The projectile bounced off and broke open on the floor, the box’s contents of silver chains spilling out. A gasp from the spectators crowding the hall went unheeded between the tw
o combatants.
“Don’t,” I wailed.
But he did. Lexi made a fist. A quarter second later—as my brother’s punch continued its harmless arc through the air where my mate had stood a second before—Trowbridge delivered a left-handed, lights-out blow straight to Lexi’s jaw.
Chapter Sixteen
My twin’s heels dug into the ground as he clawed at Trowbridge’s foot. An understandable reaction, considering the foot was pinned across his neck, slowly choking him.
“Let him go,” I sobbed, tearing at Cordelia’s grip.
“Steady,” she cautioned in my ear. “Have a bit of sense.”
If I had a shred of that, I’d never have fallen in love with a Were in the first place.
My True Love stared down at my writhing brother, his expression merciless and savage as he observed my twin’s color mottle into an ugly puce. “How does it feel to wear a collar?”
“You’re suffocating him!” I cried. “He can’t breathe!”
“He stinks of sun potion. Do you know why he swallows that shit? It’s to keep his wolf from coming out. He likes to keep that hidden under his hat. Don’t you, you bastard?” Trowbridge let Lexi writhe for another four seconds before he eased off. “Just like you enjoy hunting your own kind.”
“No.” My nails cut into Cordelia’s wrist. “I know my brother. He wouldn’t—”

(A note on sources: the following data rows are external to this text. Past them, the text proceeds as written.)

(* Assume $P$ is symmetric and transitive, and let $X_t=(\Phi^* )^t(I-J)$ for $t\ge0$. Then for every $t\ge0$: (1) $X_t\in\mathrm{Span}\{P^k,J:0\le k\le 2t\}$; in particular all diagonal entries of $X_t$ are equal, to a common value denoted $r_t$; (2) $X_{t+1}=P_qX_tP_q+q^2r_t\,(I-P^2)$.
   Context: $P$ is a row-stochastic $N\times N$ matrix, $q\in[0,1]$, $P_q=(1-q)I+qP$, $J=\mathbf 1\mathbf 1^\top/N$. $P$ is transitive if for every pair $(i,j)$ there is a permutation matrix $\Pi$ with $\Pi_{ij}=1$ and $\Pi P\Pi^{-1}=P$. $\beta_1,\dots,\beta_N$ are independent random variables in $\{1,\dots,N\}$ with $\mathbb P(\beta_i=j)=p_{ij}$, $e_i$ the standard basis vectors, $K=(1-q)I+q\sum_ie_ie_{\beta_i}^\top$, $\Phi(X)=\mathbb E[KXK^\top]$, and $\Phi^*$ is its adjoint with respect to $\langle A,B\rangle=\mathrm{Tr}(AB^\top)$; $(\Phi^* )^t$ is the $t$-fold composition. *)

theory Defs
  imports "HOL-Analysis.Analysis"
begin

text \<open>N x N real matrices are represented as real^'n^'n with N = CARD('n).
  The HOL-Analysis inner product on real^'n^'n is sum_{i,j} A_ij B_ij = Tr(A B^T).\<close>

definition row_stochastic :: "real^'n^'n \<Rightarrow> bool" where
  "row_stochastic P \<longleftrightarrow> (\<forall>i j. P$i$j \<ge> 0) \<and> (\<forall>i. (\<Sum>j\<in>UNIV. P$i$j) = 1)"

definition perm_matrix :: "real^'n^'n \<Rightarrow> bool" where
  "perm_matrix M \<longleftrightarrow> (\<exists>\<sigma>. bij \<sigma> \<and> M = (\<chi> i j. if j = \<sigma> i then 1 else 0))"

definition transitive_mat :: "real^'n^'n \<Rightarrow> bool" where
  "transitive_mat P \<longleftrightarrow> (\<forall>i j. \<exists>Pm. perm_matrix Pm \<and> Pm$i$j = 1 \<and> Pm ** P ** matrix_inv Pm = P)"

definition Jmat :: "real^'n^'n" where
  "Jmat = (\<chi> i j. 1 / real CARD('n))"

definition mpow :: "real^'n^'n \<Rightarrow> nat \<Rightarrow> real^'n^'n" where
  "mpow A k = ((\<lambda>X. A ** X) ^^ k) (mat 1)"

definition Pq :: "real \<Rightarrow> real^'n^'n \<Rightarrow> real^'n^'n" where
  "Pq q P = (1 - q) *\<^sub>R mat 1 + q *\<^sub>R P"

text \<open>The random matrix K for a realisation b of (beta_1,...,beta_N):
  K = (1-q) I + q sum_i e_i e_{b i}^T.\<close>
definition Kmat :: "real \<Rightarrow> ('n \<Rightarrow> 'n) \<Rightarrow> real^'n^'n" where
  "Kmat q b = (1 - q) *\<^sub>R mat 1 + q *\<^sub>R (\<chi> i j. if j = b i then 1 else 0)"

text \<open>Phi(X) = E[K X K^T], the beta_i independent with P(beta_i = j) = P_ij.\<close>
definition Phi :: "real^'n^'n \<Rightarrow> real \<Rightarrow> real^'n^'n \<Rightarrow> real^'n^'n" where
  "Phi P q X = (\<Sum>b\<in>(UNIV :: ('n \<Rightarrow> 'n) set). (\<Prod>i\<in>UNIV. P$i$(b i)) *\<^sub>R
                   (Kmat q b ** X ** transpose (Kmat q b)))"

end

theory Submission
  imports Defs
begin

text \<open>The \<open>\<beta>\<^sub>i\<close> are independent, so \<open>E[K\<^sub>i\<^sub>j K\<^sub>k\<^sub>l] = (P\<^sub>q)\<^sub>i\<^sub>j (P\<^sub>q)\<^sub>k\<^sub>l\<close> except for
  \<open>i = k\<close>, where the covariance \<open>q\<^sup>2 (\<delta>\<^sub>j\<^sub>l P\<^sub>i\<^sub>j - P\<^sub>i\<^sub>j P\<^sub>i\<^sub>l)\<close> is added. Hence \<open>\<Phi>\<^sup>*(Y)\<close> is
  \<open>P\<^sub>q Y P\<^sub>q\<close> plus a correction that only sees the diagonal of \<open>Y\<close>; if that diagonal is constant
  \<open>r\<close> and \<open>P\<close> is symmetric, hence doubly stochastic, the correction is \<open>q\<^sup>2 r (I - P\<^sup>2)\<close>.
  Transitivity provides, for all \<open>i, j\<close>, a permutation matrix sending \<open>i\<close> to \<open>j\<close> and commuting with
  \<open>P\<close>, so every power of \<open>P\<close>, and every matrix in the span of \<open>J\<close> and these powers, has constant
  diagonal. Since \<open>PJ = JP = J\<close>, that span grows by two degrees under \<open>Y \<mapsto> P\<^sub>q Y P\<^sub>q + c (I - P\<^sup>2)\<close>,
  and both claims follow by induction on \<open>t\<close>.\<close>

lemma inner_matrix_eq_trace: "inner (A::real^'n^'m) B = trace (A ** transpose B)"
  by (simp add: inner_vec_def trace_def matrix_matrix_mult_def transpose_def)

lemma inner_conjugate_left:
  "inner (K ** X ** transpose K) Y = inner (X::real^'n^'n) (transpose K ** Y ** K)"
proof -
  have "trace (K ** X ** transpose K ** transpose Y) = trace (X ** (transpose K ** transpose Y ** K))"
    by (metis matrix_mul_assoc trace_mul_sym)
  then show ?thesis
    by (simp add: inner_matrix_eq_trace matrix_transpose_mul matrix_mul_assoc)
qed

lemma conjugate_nth:
  fixes A :: "'a::comm_semiring_1^'n^'n"
  shows "(transpose A ** Y ** A) $ j $ l = (\<Sum>i\<in>UNIV. \<Sum>k\<in>UNIV. Y$i$k * (A$i$j * A$k$l))"
proof -
  have "(transpose A ** Y ** A) $ j $ l = (\<Sum>k\<in>UNIV. \<Sum>i\<in>UNIV. Y$i$k * (A$i$j * A$k$l))"
    by (simp add: matrix_matrix_mult_def transpose_def sum_distrib_left sum_distrib_right mult_ac)
  then show ?thesis by (rule trans) (rule sum.swap)
qed

definition Phi_adj :: "real^'n^'n \<Rightarrow> real \<Rightarrow> real^'n^'n \<Rightarrow> real^'n^'n" where
  "Phi_adj P q Y = (\<Sum>b\<in>(UNIV :: ('n \<Rightarrow> 'n) set). (\<Prod>i\<in>UNIV. P$i$(b i)) *\<^sub>R
                      (transpose (Kmat q b) ** Y ** Kmat q b))"

lemma adjoint_Phi:
  fixes P :: "real^'n^'n"
  shows "adjoint (Phi P q) = Phi_adj P q"
proof (rule adjoint_unique, intro allI)
  fix X Y :: "real^'n^'n"
  show "inner (Phi P q X) Y = inner X (Phi_adj P q Y)"
    unfolding Phi_def Phi_adj_def by (simp add: inner_sum_left inner_sum_right inner_conjugate_left)
qed

lemma sum_prod_rows_two_coords:
  fixes P :: "real^'n^'n" and g h :: "'n \<Rightarrow> real"
  assumes rows: "\<And>m. (\<Sum>x\<in>UNIV. P$m$x) = 1"
  shows "(\<Sum>b\<in>(UNIV::('n\<Rightarrow>'n) set). (\<Prod>m\<in>UNIV. P$m$(b m)) * (g (b i) * h (b k)))
       = (if i = k then (\<Sum>x\<in>UNIV. P$i$x * g x * h x)
          else (\<Sum>x\<in>UNIV. P$i$x * g x) * (\<Sum>x\<in>UNIV. P$k$x * h x))"
proof -
  define F where "F m x = P$m$x * (if m = i then g x else 1) * (if m = k then h x else 1)" for m x
  have "(\<Prod>m\<in>UNIV. P$m$(b m)) * (g (b i) * h (b k)) = (\<Prod>m\<in>UNIV. F m (b m))" for b :: "'n \<Rightarrow> 'n"
    by (simp add: F_def prod.distrib prod.delta)
  then have "(\<Sum>b\<in>(UNIV::('n\<Rightarrow>'n) set). (\<Prod>m\<in>UNIV. P$m$(b m)) * (g (b i) * h (b k)))
      = (\<Prod>m\<in>UNIV. \<Sum>x\<in>UNIV. F m x)"
    using prod_sum_PiE[of "UNIV::'n set" "\<lambda>_. UNIV" F] by simp
  also have "\<dots> = (\<Prod>m\<in>{i,k}. \<Sum>x\<in>UNIV. F m x) * (\<Prod>m\<in>UNIV-{i,k}. \<Sum>x\<in>UNIV. F m x)"
    using prod.subset_diff[of "{i,k}" UNIV] by (simp add: mult.commute)
  also have "(\<Prod>m\<in>UNIV-{i,k}. \<Sum>x\<in>UNIV. F m x) = 1"
    by (rule prod.neutral) (simp add: F_def rows)
  finally show ?thesis
    by (cases "i = k") (auto simp: F_def mult.assoc)
qed

text \<open>\<open>K_entry q i j x\<close> is the entry \<open>K\<^sub>i\<^sub>j\<close> on the event \<open>\<beta>\<^sub>i = x\<close>.\<close>

definition K_entry :: "real \<Rightarrow> 'n \<Rightarrow> 'n \<Rightarrow> 'n \<Rightarrow> real" where
  "K_entry q i j x = (1-q) * (if i = j then 1 else 0) + q * (if j = x then 1 else 0)"

lemma Kmat_nth: "Kmat q b $ i $ j = K_entry q i j (b i)"
  by (simp add: Kmat_def K_entry_def mat_def)

lemma Pq_nth: "Pq q P $ i $ j = (1-q) * (if i = j then 1 else 0) + q * P$i$j"
  by (simp add: Pq_def mat_def)

lemma sum_times_indicator: "(\<Sum>x\<in>UNIV. (f (x::'n::finite)::real) * (if j = x then 1 else 0)) = f j"
  by (simp add: if_distrib[of "(*) _"] eq_commute[of j] cong: if_cong)

lemma sum_row_K_entry:
  assumes "row_stochastic P"
  shows "(\<Sum>x\<in>UNIV. (P::real^'n^'n)$i$x * K_entry q i j x) = Pq q P $ i $ j"
proof -
  have "(\<Sum>x\<in>UNIV. P$i$x * K_entry q i j x)
      = (\<Sum>x\<in>UNIV. (1-q) * (if i = j then 1 else 0) * P$i$x + q * (P$i$x * (if j = x then 1 else 0)))"
    by (rule sum.cong) (auto simp: K_entry_def algebra_simps)
  also have "\<dots> = (1-q) * (if i = j then 1 else 0) * (\<Sum>x\<in>UNIV. P$i$x) + q * P$i$j"
    by (simp add: sum.distrib sum_distrib_left[symmetric] sum_times_indicator)
  finally show ?thesis using assms by (simp add: row_stochastic_def Pq_nth)
qed

lemma sum_row_K_entry_product:
  assumes "row_stochastic P"
  shows "(\<Sum>x\<in>UNIV. (P::real^'n^'n)$i$x * K_entry q i j x * K_entry q i l x)
     = Pq q P $ i $ j * Pq q P $ i $ l + q^2 * ((if j = l then 1 else 0) * P$i$j - P$i$j * P$i$l)"
proof -
  define a where "a = (1-q)^2 * (if i = j then 1 else 0) * (if i = l then (1::real) else 0)"
  define b where "b = q*(1-q) * (if i = l then (1::real) else 0)"
  define c where "c = q*(1-q) * (if i = j then (1::real) else 0)"
  define d where "d = q^2 * (if j = l then (1::real) else 0)"
  have "(\<Sum>x\<in>UNIV. P$i$x * K_entry q i j x * K_entry q i l x)
      = (\<Sum>x\<in>UNIV. a * P$i$x + (b + d) * (P$i$x * (if j = x then 1 else 0))
                   + c * (P$i$x * (if l = x then 1 else 0)))"
    by (rule sum.cong) (auto simp: K_entry_def a_def b_def c_def d_def algebra_simps power2_eq_square)
  also have "\<dots> = a * (\<Sum>x\<in>UNIV. P$i$x) + (b + d) * P$i$j + c * P$i$l"
    by (simp add: sum.distrib sum_distrib_left[symmetric] sum_times_indicator)
  finally show ?thesis using assms
    by (auto simp: row_stochastic_def Pq_nth a_def b_def c_def d_def algebra_simps power2_eq_square)
qed

lemma expectation_K_entry_product:
  assumes "row_stochastic P"
  shows "(\<Sum>b\<in>(UNIV::('n\<Rightarrow>'n) set). (\<Prod>m\<in>UNIV. (P::real^'n^'n)$m$(b m)) * (K_entry q i j (b i) * K_entry q k l (b k)))
     = Pq q P $ i $ j * Pq q P $ k $ l
       + (if i = k then q^2 * ((if j = l then 1 else 0) * P$i$j - P$i$j * P$i$l) else 0)"
proof -
  have "\<And>m. (\<Sum>x\<in>UNIV. P$m$x) = 1" using assms by (simp add: row_stochastic_def)
  then show ?thesis
    using sum_prod_rows_two_coords[of P "K_entry q i j" i "K_entry q k l" k]
      sum_row_K_entry[OF assms] sum_row_K_entry_product[OF assms]
    by (simp add: mult.assoc)
qed

lemma Phi_adj_nth:
  fixes P :: "real^'n^'n"
  shows "Phi_adj P q Y $ j $ l = (\<Sum>i\<in>UNIV. \<Sum>k\<in>UNIV. Y$i$k *
     (\<Sum>b\<in>(UNIV::('n\<Rightarrow>'n) set). (\<Prod>m\<in>UNIV. P$m$(b m)) * (K_entry q i j (b i) * K_entry q k l (b k))))"
proof -
  have "Phi_adj P q Y $ j $ l = (\<Sum>b\<in>(UNIV::('n\<Rightarrow>'n) set). \<Sum>i\<in>UNIV. \<Sum>k\<in>UNIV.
       Y$i$k * ((\<Prod>m\<in>UNIV. P$m$(b m)) * (K_entry q i j (b i) * K_entry q k l (b k))))"
    by (simp add: Phi_adj_def conjugate_nth Kmat_nth sum_distrib_left mult_ac)
  also have "\<dots> = (\<Sum>i\<in>UNIV. \<Sum>k\<in>UNIV. \<Sum>b\<in>(UNIV::('n\<Rightarrow>'n) set).
       Y$i$k * ((\<Prod>m\<in>UNIV. P$m$(b m)) * (K_entry q i j (b i) * K_entry q k l (b k))))"
    by (subst sum.swap) (simp add: sum.swap[of _ "UNIV::('n\<Rightarrow>'n) set"])
  finally show ?thesis by (simp add: sum_distrib_left)
qed

lemma symmetric_matrix_nth: "transpose P = P \<Longrightarrow> P$i$j = P$j$i"
  by (metis transpose_def vec_lambda_beta)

“You know him, do you? Do you know anything about his life in Merenwyn? Or mine?” Hot rage blistered his tone. “Do you know that the Weres of that realm hold the Pool of Life as sacred as the Fae? Do you know your brother gets his hunters to set wolf traps around the pool and every spring that empties into it?”
No. That I didn’t know.
Trowbridge’s eyes examined me—for what? An answer? An apology? How could I frame an adequate response for either? “Go to the Pool of Life,” that’s what I’d told his wolf. And now my mate waited, head tilted, for an explanation. They trap Weres in Merenwyn. Mute with horror, I covered my mouth with my hands and something died in his eyes.